TASK BRIEF: Across the data below, how many lines hold "intro"? Answer with that number and nothing else.

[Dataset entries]

(* Let $P\subset\mathbb{R}^{n+1}$ be a convex polytope and $M=\partial P$ with its intrinsic metric. Suppose that $M$ is symmetric with respect to a hyperplane $H$, and let $r_H$ denote the reflection in $H$. Let $p,q\in M$ with $q$ a farthest point of $p$. If $p,q\in M\setminus H$, then $q$ lies on the opposite side of $H$ from $p$. If $p\in H$, then $r_H(q)$ is also a farthest point of $p$.
   Context: The intrinsic metric $d$ on $M=\partial P$ is given by $d(p,q)=$ the infimum of Euclidean lengths of paths in $M$ from $p$ to $q$. A point $q\in M$ is a farthest point of $p\in M$ if $d(p,q)\ge d(p,q')$ for all $q'\in M$. *)

theory Defs
  imports "HOL-Analysis.Analysis"
begin

definition path_len :: "(real \<Rightarrow> 'a::euclidean_space) \<Rightarrow> ereal" where
  "path_len g = (SUP ts \<in> {ts. sorted ts \<and> set ts \<subseteq> {0..1}}.
      ereal (\<Sum>i < length ts - 1. dist (g (ts ! i)) (g (ts ! Suc i))))"

definition intrinsic_dist :: "'a::euclidean_space set \<Rightarrow> 'a \<Rightarrow> 'a \<Rightarrow> ereal" where
  "intrinsic_dist M p q = (INF g \<in> {g. path g \<and> path_image g \<subseteq> M \<and>
      pathstart g = p \<and> pathfinish g = q}. path_len g)"

definition farthest_point :: "'a::euclidean_space set \<Rightarrow> 'a \<Rightarrow> 'a \<Rightarrow> bool" where
  "farthest_point M p q \<longleftrightarrow> q \<in> M \<and> (\<forall>q'\<in>M. intrinsic_dist M p q' \<le> intrinsic_dist M p q)"

definition reflect :: "'a::euclidean_space \<Rightarrow> real \<Rightarrow> 'a \<Rightarrow> 'a" where
  "reflect a b x = x - (2 * (a \<bullet> x - b) / (a \<bullet> a)) *\<^sub>R a"

end

(*
  If p and q lie strictly on the same side of H, say at heights at least t > 0 above it,
  then d(p, q) < d(p, r_H(q)), so q is not farthest from p. To see this, fold the boundary
  onto its upper cap: reflect the part below H upward and push the slab of points at height
  below t onto the slice of P at height t, moving horizontally by nearest-point projection
  onto that slice. This map sends the boundary to itself, fixes p, sends r_H(q) to q, and
  shrinks squared distances by at least the squared change of the clipped height
  min(|height|, t). A path from p to r_H(q) crosses H, so its clipped height runs from t
  down to 0 and back; hence folding a path of length L gives a path from p to q of length
  at most L - 2t^2/L. Finiteness of d(p, r_H(q)) needs dimension at least 2: any two
  boundary points are joined by a polygonal detour outside P, whose nearest-point
  projection is a boundary path of finite length.
  For p in H, reflecting paths gives d(p, r_H(x)) <= d(p, x).
*)

theory Submission
  imports Defs
begin

section \<open>Length of a path via inscribed polygons\<close>

fun polygon_length :: "'a::metric_space list \<Rightarrow> real" where
  "polygon_length [] = 0"
| "polygon_length [x] = 0"
| "polygon_length (x # y # xs) = dist x y + polygon_length (y # xs)"

lemma polygon_length_nonneg: "0 \<le> polygon_length xs"
  by (induction xs rule: polygon_length.induct) auto

lemma sum_dist_nth_eq_polygon_length:
  "(\<Sum>i < length xs - 1. dist (xs ! i) (xs ! Suc i)) = polygon_length xs"
proof (induction xs rule: polygon_length.induct)
  case (3 x y xs)
  then show ?case
    using sum.lessThan_Suc_shift[of "\<lambda>i. dist ((x # y # xs) ! i) ((x # y # xs) ! Suc i)"
        "length xs"]
    by simp
qed auto

lemma path_len_eq_SUP_polygon_length:
  "path_len g = (SUP ts \<in> {ts. sorted ts \<and> set ts \<subseteq> {0..1}}. ereal (polygon_length (map g ts)))"
  unfolding path_len_def sum_dist_nth_eq_polygon_length[symmetric] by simp

lemma polygon_length_le_path_len:
  "sorted ts \<Longrightarrow> set ts \<subseteq> {0..1} \<Longrightarrow> ereal (polygon_length (map g ts)) \<le> path_len g"
  unfolding path_len_eq_SUP_polygon_length by (rule SUP_upper) simp

lemma path_len_leI:
  assumes "\<And>ts. sorted ts \<Longrightarrow> set ts \<subseteq> {0..1} \<Longrightarrow> polygon_length (map g ts) \<le> C"
  shows "path_len g \<le> ereal C"
  unfolding path_len_eq_SUP_polygon_length using assms by (auto intro: SUP_least)

lemma path_len_nonneg: "0 \<le> path_len g"
  using polygon_length_le_path_len[of "[]" g] by (simp add: zero_ereal_def)

lemma polygon_length_Cons_le: "polygon_length xs \<le> polygon_length (x # xs)"
  by (cases xs) (auto simp: polygon_length_nonneg)

lemma polygon_length_snoc_le: "polygon_length xs \<le> polygon_length (xs @ [x])"
  by (induction xs rule: polygon_length.induct) auto

lemma polygon_length_map_Cons_insort_le:
  "polygon_length (map g (y # ts)) \<le> polygon_length (map g (y # insort x ts))"
proof (induction ts arbitrary: y)
  case (Cons z zs)
  then show ?case
    using dist_triangle[of "g y" "g z" "g x"] by (auto simp: dist_commute)
qed simp

lemma polygon_length_map_insort_le:
  "polygon_length (map g ts) \<le> polygon_length (map g (insort x ts))"
  using polygon_length_map_Cons_insort_le[of g] polygon_length_nonneg
  by (cases ts) (auto simp: dist_commute)

lemma polygon_length_map_le:
  assumes "\<And>x y. x \<in> set xs \<Longrightarrow> y \<in> set xs \<Longrightarrow>
      dist (f x) (f y) \<le> C * dist x y - l * dist (h x) (h y)"
  shows "polygon_length (map f xs) \<le> C * polygon_length xs - l * polygon_length (map h xs)"
  using assms
proof (induction xs rule: polygon_length.induct)
  case (3 x y xs)
  then have "polygon_length (map f (y # xs)) \<le> C * polygon_length (y # xs) - l * polygon_length (map h (y # xs))"
    and "dist (f x) (f y) \<le> C * dist x y - l * dist (h x) (h y)"
    by simp_all
  then show ?case by (simp add: algebra_simps)
qed auto

lemma polygon_length_map_lipschitz:
  "C-lipschitz_on (set xs) f \<Longrightarrow> polygon_length (map f xs) \<le> C * polygon_length xs"
  using polygon_length_map_le[of xs f C 0] by (simp add: lipschitz_onD)

lemma polygon_length_sorted: "sorted (x # xs) \<Longrightarrow> polygon_length (x # xs) = last (x # xs) - x"
  by (induction xs arbitrary: x) (auto simp: dist_real_def)

lemma dist_last_le_polygon_length: "dist x (last (x # xs)) \<le> polygon_length (x # xs)"
proof (induction xs arbitrary: x)
  case (Cons y ys)
  have "dist y (last (y # ys)) \<le> polygon_length (y # ys)" by (rule Cons.IH)
  then show ?case using dist_triangle[of x "last (y # ys)" y] by (simp add: dist_commute)
qed simp

lemma dist_add_dist_last_le_polygon_length:
  "z \<in> set (x # xs) \<Longrightarrow> dist x z + dist z (last (x # xs)) \<le> polygon_length (x # xs)"
proof (induction xs arbitrary: x)
  case (Cons y ys)
  show ?case
  proof (cases "z = x")
    case True
    then show ?thesis using dist_last_le_polygon_length[of x "y # ys"] by simp
  next
    case False
    then have "dist y z + dist z (last (y # ys)) \<le> polygon_length (y # ys)"
      using Cons by simp
    then show ?thesis using dist_triangle[of x z y] by simp
  qed
qed simp

lemma path_len_le_lipschitz:
  assumes "K-lipschitz_on {0..1} g"
  shows "path_len g \<le> ereal K"
proof (rule path_len_leI)
  fix ts :: "real list" assume ts: "sorted ts" "set ts \<subseteq> {0..1}"
  show "polygon_length (map g ts) \<le> K"
  proof (cases ts)
    case (Cons t ts')
    have K: "0 \<le> K" using assms by (rule lipschitz_on_nonneg)
    have "polygon_length (map g ts) \<le> K * polygon_length ts"
      using ts by (intro polygon_length_map_lipschitz lipschitz_on_subset[OF assms])
    also have "polygon_length ts = last ts - t"
      using ts Cons by (simp add: polygon_length_sorted)
    also have "K * (last ts - t) \<le> K * 1"
      using ts Cons last_in_set[of ts] K by (intro mult_left_mono) auto
    finally show ?thesis by simp
  qed (simp add: lipschitz_on_nonneg[OF assms])
qed

lemma path_len_compose_le:
  assumes "1-lipschitz_on (path_image g) f"
  shows "path_len (f \<circ> g) \<le> path_len g"
  unfolding path_len_eq_SUP_polygon_length
proof (rule SUP_mono)
  fix ts :: "real list" assume ts: "ts \<in> {ts. sorted ts \<and> set ts \<subseteq> {0..1}}"
  then have "1-lipschitz_on (set (map g ts)) f"
    by (intro lipschitz_on_subset[OF assms]) (auto simp: path_image_def)
  then have "polygon_length (map f (map g ts)) \<le> polygon_length (map g ts)"
    using polygon_length_map_lipschitz by fastforce
  then show "\<exists>ts'\<in>{ts. sorted ts \<and> set ts \<subseteq> {0..1}}.
      ereal (polygon_length (map (f \<circ> g) ts)) \<le> ereal (polygon_length (map g ts'))"
    using ts by auto
qed

lemma polygon_length_map_refine_le:
  "polygon_length (map g ts) \<le> polygon_length (map g (r # insort s ts @ [r']))"
proof -
  have "polygon_length (map g ts) \<le> polygon_length (map g (insort s ts))"
    by (rule polygon_length_map_insort_le)
  also have "\<dots> \<le> polygon_length (map g (insort s ts) @ [g r'])"
    by (rule polygon_length_snoc_le)
  also have "\<dots> \<le> polygon_length (g r # map g (insort s ts) @ [g r'])"
    by (rule polygon_length_Cons_le)
  finally show ?thesis by simp
qed

lemma abs_le_of_sq_le_diff_sq:
  fixes d e X :: real
  assumes "0 \<le> d" "X\<^sup>2 \<le> d\<^sup>2 - e\<^sup>2"
  shows "\<bar>e\<bar> \<le> d"
proof -
  have "e\<^sup>2 \<le> d\<^sup>2" using assms(2) zero_le_power2[of X] by linarith
  then show ?thesis using abs_le_square_iff[of e d] assms(1) by simp
qed

text \<open>From \<open>X\<^sup>2 \<le> d\<^sup>2 - e\<^sup>2\<close> we get \<open>X \<le> d - e\<^sup>2/(2d)\<close>,
  and \<open>e\<^sup>2/(2d) \<ge> l\<bar>e\<bar> - l\<^sup>2d/2\<close> by AM-GM.\<close>

lemma le_of_sq_le_diff_sq:
  fixes d e l X :: real
  assumes "0 \<le> d" "0 \<le> l" "0 \<le> X" "X\<^sup>2 \<le> d\<^sup>2 - e\<^sup>2"
  shows "X \<le> (1 + l\<^sup>2 / 2) * d - l * \<bar>e\<bar>"
proof (cases "d = 0")
  case True
  then have "X\<^sup>2 + e\<^sup>2 \<le> 0" using assms by simp
  then show ?thesis using True by (simp add: sum_power2_le_zero_iff)
next
  case False
  then have d: "0 < d" using assms by simp
  define Y where "Y = d - e\<^sup>2 / (2 * d)"
  have "\<bar>e\<bar> \<le> d" using abs_le_of_sq_le_diff_sq assms(1,4) by blast
  then have "e\<^sup>2 / (2 * d) \<le> d / 2"
    using d abs_le_square_iff[of e d] by (simp add: field_simps power2_eq_square)
  then have "0 \<le> Y" unfolding Y_def using d by linarith
  moreover have "Y\<^sup>2 = d\<^sup>2 - e\<^sup>2 + (e\<^sup>2 / (2 * d))\<^sup>2"
    unfolding Y_def using d by (simp add: power2_eq_square field_simps)
  then have "X\<^sup>2 \<le> Y\<^sup>2" using assms(4) zero_le_power2[of "e\<^sup>2 / (2 * d)"] by linarith
  ultimately have "X \<le> Y" using power2_le_imp_le by blast
  have "0 \<le> (\<bar>e\<bar> - l * d)\<^sup>2" by simp
  then have "l * \<bar>e\<bar> - l\<^sup>2 * d / 2 \<le> e\<^sup>2 / (2 * d)"
    using d by (simp add: field_simps power2_eq_square)
  then show ?thesis using \<open>X \<le> Y\<close> unfolding Y_def by (simp add: algebra_simps)
qed

lemma polygon_length_map_le_sq_defect:
  fixes \<tau> :: "'a::metric_space \<Rightarrow> real"
  assumes f: "\<And>x y. x \<in> set xs \<Longrightarrow> y \<in> set xs \<Longrightarrow>
      (dist (f x) (f y))\<^sup>2 \<le> (dist x y)\<^sup>2 - (\<tau> x - \<tau> y)\<^sup>2"
    and l: "0 \<le> l"
  shows "polygon_length (map f xs) \<le> (1 + l\<^sup>2 / 2) * polygon_length xs - l * polygon_length (map \<tau> xs)"
  by (rule polygon_length_map_le)
    (use le_of_sq_le_diff_sq[OF zero_le_dist l zero_le_dist f] in \<open>simp add: dist_real_def\<close>)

RESPONSE: 4